Atlanta is one of the biggest markets in baseball. Metro Atlanta is number 9 in the Country at 5.5M people. Metro Chicago is number three at 9.5M. NY and LA are 1,2 respectively. Chicago, NY and LA ALL have at least two teams vying for the population within their market. Take into consideration that Atlanta is more of a regional team because of geographies (no other teams in any metro markets within 100's of miles - Birmingham, Charlotte, Columbia, even much of Florida) and because of the marketing by the old TBS superstation and Atlanta IS A LARGE MARKET CLUB. Just because ownership chooses not to treat it as a large market club doesn't mean that it is not.
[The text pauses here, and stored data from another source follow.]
(* Let $G$ be a group with finite generating set $S$ (with $S=S^{-1}$, $e\notin S$), and suppose there is $R\in\mathbb{N}$ such that $\kappa(g)>0$ for all $g\in G$ with $|g|>R$. Then $G$ is finite.
   Context: For a group $G$ with finite generating set $S$ ($S=S^{-1}$, $e\notin S$), $|x|$ denotes the word length of $x\in G$ with respect to $S$. For $g\in G$ define $\mathrm{Av}(g)=\frac{1}{|S|}\sum_{a\in S}|a^{-1}ga|$, and for $g\neq e$ define the curvature $\kappa(g)=\frac{|g|-\mathrm{Av}(g)}{|g|}$. *)

theory Defs
  imports "HOL-Algebra.Algebra"
begin

definition word_length :: "('a, 'b) monoid_scheme \<Rightarrow> 'a set \<Rightarrow> 'a \<Rightarrow> nat" where
  "word_length G S g =
     (LEAST n. \<exists>ws. set ws \<subseteq> S \<and> length ws = n \<and> foldr (\<lambda>a b. a \<otimes>\<^bsub>G\<^esub> b) ws \<one>\<^bsub>G\<^esub> = g)"

definition Av :: "('a, 'b) monoid_scheme \<Rightarrow> 'a set \<Rightarrow> 'a \<Rightarrow> real" where
  "Av G S g = (1 / real (card S)) *
     (\<Sum>a\<in>S. real (word_length G S (inv\<^bsub>G\<^esub> a \<otimes>\<^bsub>G\<^esub> g \<otimes>\<^bsub>G\<^esub> a)))"

definition curvature :: "('a, 'b) monoid_scheme \<Rightarrow> 'a set \<Rightarrow> 'a \<Rightarrow> real" where
  "curvature G S g = (real (word_length G S g) - Av G S g) / real (word_length G S g)"

end

theory Submission
  imports Defs
begin

(* Conjugation by a generator changes word length by at most 2, and (g, a) \<mapsto> (a\<inverse> g a, a\<inverse>)
   is injective on G \<times> S.  On the ball B_n, the pairs it moves out of B_n \<times> S are balanced by
   pairs it moves in, and those have length > n; so summed over B_n, conjugation does not decrease
   length.  Positive curvature makes each element of length > R lose at least 1 in total, while the
   others gain at most 2|S|; hence B_n has at most 2|S| |B_R| elements of length > R.  The balls
   are therefore uniformly bounded in size, and G is finite. *)

lemma sum_le_sum_reindex_if_escapes_above:
  fixes f :: "'a \<Rightarrow> 'b::{semiring_1,ordered_comm_monoid_add}"
  assumes "finite T" "inj_on \<phi> T"
    and "\<And>x. x \<in> T \<Longrightarrow> f x \<le> c"
    and "\<And>x. x \<in> T \<Longrightarrow> \<phi> x \<notin> T \<Longrightarrow> c \<le> f (\<phi> x)"
  shows "sum f T \<le> sum (f \<circ> \<phi>) T"
proof -
  define U where "U = \<phi> ` T"
  have "finite U" "card U = card T"
    using assms(1,2) by (simp_all add: U_def card_image)
  then have card_diff: "card (T - U) = card (U - T)"
    using assms(1) card_Diff_subset_Int[of U T] card_Diff_subset_Int[of T U]
    by (simp add: Int_commute)
  have "sum f T = sum f (T \<inter> U) + sum f (T - U)"
    using assms(1) sum.Int_Diff by blast
  also have "sum f (T - U) \<le> of_nat (card (T - U)) * c"
    using assms(3) by (intro sum_bounded_above) auto
  also have "\<dots> = of_nat (card (U - T)) * c"
    by (simp only: card_diff)
  also have "\<dots> \<le> sum f (U - T)"
    using assms(4) by (intro sum_bounded_below) (auto simp: U_def)
  also have "sum f (T \<inter> U) + sum f (U - T) = sum f U"
    using \<open>finite U\<close> sum.Int_Diff[of U f T] by (simp add: Int_commute)
  also have "\<dots> = sum (f \<circ> \<phi>) T"
    unfolding U_def using sum.reindex[OF assms(2)] .
  finally show ?thesis by (simp add: add_left_mono)
qed

lemma finite_if_card_levels_bounded:
  fixes h :: "'a \<Rightarrow> nat"
  assumes "\<And>n. finite {x \<in> A. h x \<le> n}" "\<And>n. card {x \<in> A. h x \<le> n} \<le> K"
  shows "finite A"
proof (rule ccontr)
  assume "infinite A"
  then obtain F where F: "F \<subseteq> A" "finite F" "card F = Suc K"
    using infinite_arbitrarily_large by blast
  then have "F \<subseteq> {x \<in> A. h x \<le> Max (h ` F)}"
    by auto
  then have "card F \<le> card {x \<in> A. h x \<le> Max (h ` F)}"
    by (rule card_mono[OF assms(1)])
  also have "\<dots> \<le> K"
    by (rule assms(2))
  finally show False
    using F by simp
qed

abbreviation word_prod :: "('a, 'b) monoid_scheme \<Rightarrow> 'a list \<Rightarrow> 'a" where
  "word_prod G ws \<equiv> foldr (\<lambda>a b. a \<otimes>\<^bsub>G\<^esub> b) ws \<one>\<^bsub>G\<^esub>"

lemma (in monoid) word_prod_closed:
  "set ws \<subseteq> carrier G \<Longrightarrow> word_prod G ws \<in> carrier G"
  by (induction ws) auto

lemma (in monoid) word_prod_append:
  assumes "set xs \<subseteq> carrier G" "set ys \<subseteq> carrier G"
  shows "word_prod G (xs @ ys) = word_prod G xs \<otimes> word_prod G ys"
  using assms by (induction xs) (auto simp: m_assoc word_prod_closed)

lemma word_length_le:
  "set ws \<subseteq> S \<Longrightarrow> word_length G S (word_prod G ws) \<le> length ws"
  unfolding word_length_def by (rule Least_le) blast

lemma word_length_attained:
  assumes "set ws \<subseteq> S" "word_prod G ws = g"
  obtains vs where "set vs \<subseteq> S" "length vs = word_length G S g" "word_prod G vs = g"
proof -
  have "\<exists>n vs. set vs \<subseteq> S \<and> length vs = n \<and> word_prod G vs = g"
    using assms by blast
  from LeastI_ex[OF this] show ?thesis
    using that unfolding word_length_def by blast
qed

locale symmetric_generating_set = group G for G (structure) +
  fixes S :: "'a set"
  assumes gens_closed: "S \<subseteq> carrier G"
    and generate_eq: "generate G S = carrier G"
    and inv_gen_closed: "s \<in> S \<Longrightarrow> inv s \<in> S"
begin

abbreviation len :: "'a \<Rightarrow> nat" where
  "len \<equiv> word_length G S"

definition word_ball :: "nat \<Rightarrow> 'a set" where
  "word_ball n = {g \<in> carrier G. len g \<le> n}"

lemma geodesic_wordE:
  assumes "g \<in> carrier G"
  obtains ws where "set ws \<subseteq> S" "length ws = len g" "word_prod G ws = g"
proof -
  have "\<exists>ws. set ws \<subseteq> S \<and> word_prod G ws = g" if "g \<in> generate G S" for g
    using that
  proof (induction rule: generate.induct)
    case one
    show ?case by (rule exI[of _ "[]"]) simp
  next
    case (incl h)
    then show ?case using gens_closed by (intro exI[of _ "[h]"]) auto
  next
    case (inv h)
    then show ?case using gens_closed inv_gen_closed
      by (intro exI[of _ "[inv h]"]) auto
  next
    case (eng h1 h2)
    then obtain xs ys where "set xs \<subseteq> S" "word_prod G xs = h1" "set ys \<subseteq> S" "word_prod G ys = h2"
      by blast
    then show ?case using gens_closed word_prod_append[of xs ys]
      by (intro exI[of _ "xs @ ys"]) auto
  qed
  then show ?thesis
    using assms generate_eq that word_length_attained by metis
qed

lemma len_mult_le:
  assumes "x \<in> carrier G" "y \<in> carrier G"
  shows "len (x \<otimes> y) \<le> len x + len y"
proof -
  obtain xs where xs: "set xs \<subseteq> S" "length xs = len x" "word_prod G xs = x"
    using geodesic_wordE[OF assms(1)] .
  obtain ys where ys: "set ys \<subseteq> S" "length ys = len y" "word_prod G ys = y"
    using geodesic_wordE[OF assms(2)] .
  have "word_prod G (xs @ ys) = x \<otimes> y"
    using xs ys gens_closed word_prod_append[of xs ys] by auto
  then show ?thesis
    using word_length_le[of "xs @ ys" S G] xs ys by simp
qed

lemma len_gen_le: "a \<in> S \<Longrightarrow> len a \<le> 1"
  using word_length_le[of "[a]" S G] gens_closed by auto

lemma len_conj_le:
  assumes "g \<in> carrier G" "a \<in> S"
  shows "len (inv a \<otimes> g \<otimes> a) \<le> len g + 2"
proof -
  have a: "a \<in> carrier G"
    using assms(2) gens_closed by auto
  have "len (inv a \<otimes> g \<otimes> a) \<le> len (inv a) + len g + len a"
    using len_mult_le[of "inv a \<otimes> g" a] len_mult_le[of "inv a" g] a assms(1) by simp
  then show ?thesis
    using len_gen_le[OF assms(2)] len_gen_le[OF inv_gen_closed[OF assms(2)]] by simp
qed

lemma finite_word_ball:
  assumes "finite S"
  shows "finite (word_ball n)"
proof -
  have "word_ball n \<subseteq> word_prod G ` {ws. set ws \<subseteq> S \<and> length ws \<le> n}"
  proof
    fix g assume "g \<in> word_ball n"
    then have "g \<in> carrier G" "len g \<le> n"
      by (auto simp: word_ball_def)
    then show "g \<in> word_prod G ` {ws. set ws \<subseteq> S \<and> length ws \<le> n}"
      using geodesic_wordE by (metis (mono_tags, lifting) image_eqI mem_Collect_eq)
  qed
  then show ?thesis
    using finite_lists_length_le[OF assms] finite_surj by blast
qed

lemma sum_len_le_sum_len_conj:
  assumes "finite S"
  shows "card S * (\<Sum>g\<in>word_ball n. len g) \<le> (\<Sum>g\<in>word_ball n. \<Sum>a\<in>S. len (inv a \<otimes> g \<otimes> a))"
proof -
  define \<phi> where "\<phi> = (\<lambda>(g, a). (inv a \<otimes> g \<otimes> a, inv a))"
  define T where "T = word_ball n \<times> S"
  have carrier_T: "g \<in> carrier G" "a \<in> carrier G" if "(g, a) \<in> T" for g a
    using that gens_closed by (auto simp: T_def word_ball_def)
  have "inj_on \<phi> T"
  proof (rule inj_onI, clarify)
    fix g a h b
    assume "(g, a) \<in> T" "(h, b) \<in> T" "\<phi> (g, a) = \<phi> (h, b)"
    then have "(inv a \<otimes> g \<otimes> a, inv a) = (inv b \<otimes> h \<otimes> b, inv b)"
      by (simp only: \<phi>_def prod.case)
    then have eq: "inv a = inv b" "inv a \<otimes> g \<otimes> a = inv b \<otimes> h \<otimes> b"
      by blast+
    have carrier: "g \<in> carrier G" "a \<in> carrier G" "h \<in> carrier G" "b \<in> carrier G"
      using carrier_T \<open>(g, a) \<in> T\<close> \<open>(h, b) \<in> T\<close> by auto
    then have "a = b"
      using eq inj_onD[OF inv_inj] by simp
    with eq carrier show "g = h \<and> a = b"
      by (simp add: m_assoc)
  qed
  moreover have "len (fst p) \<le> n" if "p \<in> T" for p
    using that by (auto simp: T_def word_ball_def)
  moreover have "n \<le> len (fst (\<phi> p))" if p_T: "p \<in> T" and escapes: "\<phi> p \<notin> T" for p
  proof -
    obtain g a where p: "p = (g, a)" "g \<in> carrier G" "a \<in> S"
      using p_T by (cases p) (auto simp: T_def word_ball_def)
    then have "inv a \<otimes> g \<otimes> a \<notin> word_ball n"
      using escapes inv_gen_closed by (simp add: T_def \<phi>_def)
    moreover have "inv a \<otimes> g \<otimes> a \<in> carrier G"
      using p gens_closed by auto
    ultimately show ?thesis
      using p by (simp add: \<phi>_def word_ball_def)
  qed
  moreover have "finite T"
    using assms finite_word_ball by (simp add: T_def)
  ultimately have "(\<Sum>p\<in>T. len (fst p)) \<le> (\<Sum>p\<in>T. len (fst (\<phi> p)))"
    using sum_le_sum_reindex_if_escapes_above[of T \<phi> "\<lambda>p. len (fst p)" n] by (simp add: o_def)
  then show ?thesis
    by (simp add: T_def \<phi>_def sum.cartesian_product' sum_distrib_left mult.commute)
qed

lemma card_word_ball_le:
  assumes "finite S"
    and curvature_pos: "\<And>g. g \<in> carrier G \<Longrightarrow> R < len g \<Longrightarrow> (\<Sum>a\<in>S. len (inv a \<otimes> g \<otimes> a)) < card S * len g"
  shows "card (word_ball n) \<le> (2 * card S + 1) * card (word_ball R)"
proof -
  define D where "D g = (\<Sum>a\<in>S. len (inv a \<otimes> g \<otimes> a))" for g
  define long where "long = {g \<in> word_ball n. R < len g}"
  define short where "short = {g \<in> word_ball n. len g \<le> R}"
  have fin: "finite (word_ball n)"
    using finite_word_ball[OF assms(1)] .
  have "D g + (if R < len g then 1 else 0) \<le> card S * len g + (if len g \<le> R then 2 * card S else 0)"
    if "g \<in> word_ball n" for g
  proof -
    have "D g \<le> (\<Sum>a\<in>S. len g + 2)"
      unfolding D_def using that len_conj_le by (intro sum_mono) (auto simp: word_ball_def)
    then have "D g \<le> card S * len g + 2 * card S"
      by (simp add: algebra_simps)
    moreover have "R < len g \<Longrightarrow> D g < card S * len g"
      using curvature_pos that by (simp add: D_def word_ball_def)
    ultimately show ?thesis
      by (cases "R < len g") simp_all
  qed
  then have "(\<Sum>g\<in>word_ball n. D g + (if R < len g then 1 else 0))
      \<le> (\<Sum>g\<in>word_ball n. card S * len g + (if len g \<le> R then 2 * card S else 0))"
    by (rule sum_mono)
  moreover have "(\<Sum>g\<in>word_ball n. if R < len g then 1 else 0) = card long"
    unfolding long_def sum.inter_filter[OF fin, symmetric] by simp
  moreover have "(\<Sum>g\<in>word_ball n. if len g \<le> R then 2 * card S else 0) = 2 * card S * card short"
    unfolding short_def sum.inter_filter[OF fin, symmetric] by simp
  ultimately have "(\<Sum>g\<in>word_ball n. D g) + card long
      \<le> card S * (\<Sum>g\<in>word_ball n. len g) + 2 * card S * card short"
    by (simp add: sum.distrib sum_distrib_left)
  then have "card long \<le> 2 * card S * card short"
    using sum_len_le_sum_len_conj[OF assms(1), of n] unfolding D_def by linarith
  moreover have "word_ball n = long \<union> short"
    by (auto simp: long_def short_def)
  then have "card (word_ball n) \<le> card long + card short"
    by (simp add: card_Un_le)
  ultimately have "card (word_ball n) \<le> (2 * card S + 1) * card short"
    by simp
  also have "\<dots> \<le> (2 * card S + 1) * card (word_ball R)"
    using finite_word_ball[OF assms(1)]
    by (intro mult_le_mono2 card_mono) (auto simp: short_def word_ball_def)
  finally show ?thesis .
qed

lemma sum_len_conj_less_if_curvature_pos:
  assumes "finite S" "S \<noteq> {}" "0 < len g" "curvature G S g > 0"
  shows "(\<Sum>a\<in>S. len (inv a \<otimes> g \<otimes> a)) < card S * len g"
proof -
  have "0 < card S"
    using assms(1,2) by (simp add: card_gt_0_iff)
  moreover have "Av G S g < len g"
    using assms(3,4) by (simp add: curvature_def zero_less_divide_iff)
  moreover have "Av G S g = real (\<Sum>a\<in>S. len (inv a \<otimes> g \<otimes> a)) / real (card S)"
    by (simp add: Av_def)
  ultimately have "real (\<Sum>a\<in>S. len (inv a \<otimes> g \<otimes> a)) < real (card S) * real (len g)"
    by (simp add: divide_less_eq mult.commute)
  then show ?thesis
    by (simp only: of_nat_mult[symmetric] of_nat_less_iff)
qed

end

theorem mainTheorem13:
  fixes G :: "('a, 'b) monoid_scheme" and S :: "'a set"
  assumes "group G"
    and "S \<subseteq> carrier G"
    and "finite S"
    and "generate G S = carrier G"
    and "\<forall>s\<in>S. inv\<^bsub>G\<^esub> s \<in> S"
    and "\<one>\<^bsub>G\<^esub> \<notin> S"
    and "\<exists>R::nat. \<forall>g\<in>carrier G. word_length G S g > R \<longrightarrow> curvature G S g > 0"
  shows "finite (carrier G)"
proof -
  interpret symmetric_generating_set G S
    using assms(1,2,4,5)
    by (intro symmetric_generating_set.intro symmetric_generating_set_axioms.intro) auto
  show ?thesis
  proof (cases "S = {}")
    case True
    then have "carrier G = {\<one>\<^bsub>G\<^esub>}"
      using generate_empty assms(4) by simp
    then show ?thesis
      by simp
  next
    case False
    obtain R where R: "\<forall>g\<in>carrier G. R < len g \<longrightarrow> curvature G S g > 0"
      using assms(7) by blast
    have bound: "card (word_ball n) \<le> (2 * card S + 1) * card (word_ball R)" for n
      using R by (intro card_word_ball_le[OF assms(3)] sum_len_conj_less_if_curvature_pos[OF assms(3) False])
        auto
    show ?thesis
      using finite_word_ball[OF assms(3)] bound unfolding word_ball_def
      by (rule finite_if_card_levels_bounded)
  qed
qed

end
Ever since Ted Turner sold to AOL, the team has been run by corporate interests who have no real interest in winning baseball. Their interest is in maximizing profit in whatever form is most beneficial (cheap programming, tax write-offs, cold hard cash, whatever). When Turner was owner, the Braves spent as a large market club and went out and vied for the best talent regardless of cost. And they still made money.
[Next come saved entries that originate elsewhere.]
(* Let $k\ge2$ and let $\mathcal{H}\subset\mathbb{CP}^3$ be an essential arrangement of $2k$ planes such that every plane in $\mathcal{H}$ meets the other planes of $\mathcal{H}$ along exactly $k+1$ distinct lines. Then $\mathcal{H}$ is a Hirzebruch arrangement.
   Context: An arrangement is a finite set of distinct hyperplanes; it is essential if the common intersection of its members is empty. $\mathcal{L}$ is the set of non-empty proper intersections of members and $m_L$ the number of members containing $L$. An essential arrangement $\mathcal{H}\subset\mathbb{CP}^n$ is Hirzebruch if (H1) $m_L/\operatorname{codim}L\le|\mathcal{H}|/(n+1)$ for all $L\in\mathcal{L}$, and (H2) every $H\in\mathcal{H}$ meets the members of $\mathcal{H}\setminus\{H\}$ along exactly $\big(1-\frac{2}{n+1}\big)|\mathcal{H}|+1$ distinct codimension-2 subspaces. *)

theory Defs
  imports "HOL-Analysis.Analysis"
begin

text \<open>Projective space P(K^N) with K = complex and N = CARD('n), i.e. CP^n with n = CARD('n) - 1.
  A projective subspace is represented by the corresponding linear subspace of complex^'n;
  the empty projective subspace corresponds to the zero subspace {0}.
  Codimension in P(K^N) equals codimension of the linear subspace in K^N.\<close>

definition proj_hyperplane :: "(complex^'n) set \<Rightarrow> bool" where
  "proj_hyperplane H \<longleftrightarrow> (\<exists>a::complex^'n. a \<noteq> 0 \<and> H = {x. (\<Sum>i\<in>UNIV. a$i * x$i) = 0})"

definition arrangement :: "(complex^'n) set set \<Rightarrow> bool" where
  "arrangement A \<longleftrightarrow> finite A \<and> (\<forall>H\<in>A. proj_hyperplane H)"

definition essential :: "(complex^'n) set set \<Rightarrow> bool" where
  "essential A \<longleftrightarrow> \<Inter>A = {0}"

definition lcodim :: "(complex^'n) set \<Rightarrow> nat" where
  "lcodim L = CARD('n) - vec.dim L"

definition flats :: "(complex^'n) set set \<Rightarrow> (complex^'n) set set" where
  "flats A = {L. \<exists>S. S \<subseteq> A \<and> S \<noteq> {} \<and> L = \<Inter>S \<and> L \<noteq> {0} \<and> L \<noteq> UNIV}"

definition mult :: "(complex^'n) set set \<Rightarrow> (complex^'n) set \<Rightarrow> nat" where
  "mult A L = card {H\<in>A. L \<subseteq> H}"

definition trace_lines :: "(complex^'n) set set \<Rightarrow> (complex^'n) set \<Rightarrow> (complex^'n) set set" where
  "trace_lines A H = {L. \<exists>H'\<in>A - {H}. L = H \<inter> H' \<and> lcodim L = 2}"

definition hirzebruch :: "(complex^'n) set set \<Rightarrow> bool" where
  "hirzebruch A \<longleftrightarrow> arrangement A \<and> essential A \<and>
     (\<forall>L\<in>flats A. real (mult A L) / real (lcodim L) \<le> real (card A) / real CARD('n)) \<and>
     (\<forall>H\<in>A. real (card (trace_lines A H)) = (1 - 2 / real CARD('n)) * real (card A) + 1)"

end

theory Submission
  imports Defs
begin

text \<open>Everything reduces to counting the hyperplanes through a flat \<open>L\<close> of \<open>\<complex>\<P>\<^sup>3\<close>.
  A plane lies in only itself. Through a line \<open>L \<subseteq> H\<close> pass at most \<open>k\<close> planes, because the
  planes through \<open>L\<close> all cut \<open>H\<close> in the single line \<open>L\<close>, while \<open>H\<close> meets the others in
  \<open>k + 1\<close> lines. Through a point \<open>L\<close> pass at most \<open>k + 1\<close> planes, since by essentiality
  some plane \<open>H\<^sub>0\<close> misses \<open>L\<close>, and distinct planes through \<open>L\<close> cut \<open>H\<^sub>0\<close> in distinct lines.
  These bounds give (H1); (H2) is the hypothesis itself, as \<open>(1 - 2/4) \<cdot> 2k + 1 = k + 1\<close>.\<close>

lemma proj_hyperplane_subspace:
  fixes H :: "(complex^'n) set"
  assumes "proj_hyperplane H"
  shows "vec.subspace H"
proof -
  obtain a :: "complex^'n" where "H = {x. (\<Sum>i\<in>UNIV. a$i * x$i) = 0}"
    using assms unfolding proj_hyperplane_def by blast
  then show ?thesis unfolding vec.subspace_def
    by (auto simp: sum.distrib distrib_left sum_distrib_left[symmetric] mult.left_commute)
qed

lemma dim_proj_hyperplane:
  fixes H :: "(complex^'n) set"
  assumes "proj_hyperplane H"
  shows "vec.dim H + 1 = CARD('n)"
proof -
  obtain a :: "complex^'n" where "a \<noteq> 0" and H: "H = {x. (\<Sum>i\<in>UNIV. a$i * x$i) = 0}"
    using assms unfolding proj_hyperplane_def by blast
  define f where "f x = (\<Sum>i\<in>UNIV. a$i * (x::complex^'n)$i)" for x
  have H_f: "H = {x. f x = 0}" using H f_def by auto
  have f_scale: "f (c *s x) = c * f x" for x c
    by (simp add: f_def sum_distrib_left algebra_simps)
  have f_diff: "f (x - y) = f x - f y" for x y
    by (simp add: f_def sum_subtractf algebra_simps)
  obtain i where "a$i \<noteq> 0" using \<open>a \<noteq> 0\<close> by (metis vec_eq_iff zero_index)
  define v :: "complex^'n" where "v = axis i (1 / a$i)"
  have fv: "f v = 1"
    using \<open>a$i \<noteq> 0\<close> by (simp add: f_def v_def axis_def if_distrib cong: if_cong)
  then have "v \<noteq> 0" by (auto simp: f_def)
  define V where "V = vec.span {v}"
  have sub_H: "vec.subspace H" and sub_V: "vec.subspace V"
    using assms proj_hyperplane_subspace V_def by auto
  have "x - f x *s v \<in> H" and "f x *s v \<in> V" for x
    using f_diff[of x] f_scale[of "f x" v] fv by (auto simp: H_f V_def vec.span_singleton)
  moreover have "x = (x - f x *s v) + f x *s v" for x by simp
  ultimately have sums: "{x + y |x y. x \<in> H \<and> y \<in> V} = UNIV" by blast
  have "x = 0" if "x \<in> H" "x \<in> V" for x
    using that f_scale fv by (auto simp: H_f V_def vec.span_singleton)
  then have "H \<inter> V = {0}" using sub_H sub_V vec.subspace_0 by blast
  moreover have "vec.dim V = 1" unfolding V_def using \<open>v \<noteq> 0\<close> by (simp add: vec.dim_span)
  ultimately show ?thesis
    using vec.dim_sums_Int[OF sub_H sub_V] sums vec_dim_card[where 'a=complex and 'n='n] by simp
qed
Braves fans talk like the club is some kind of supplicant who can't ever compete because "the big boys" buy up the best players. Well newsflash: The Braves are a 6'7" 350lb monster with 5.0 speed and a bench of 600, but CHOOSE to stay on the cheer leading squad.
Installing sports communism isn't going to change that.
I would like every one to think about something for a second: Do leagues with salary caps not still get dominated (over time) by the same teams over and over? Look at the NFL, the usual suspects are there every year. Sure, the have not's rise and fall. But isn't that happening in Baseball now? When was the last time the Yankees won a WS? Who was in the WS last year?
All a salary cap does is ensures a minimum level of profitability for owners of all clubs. That's it.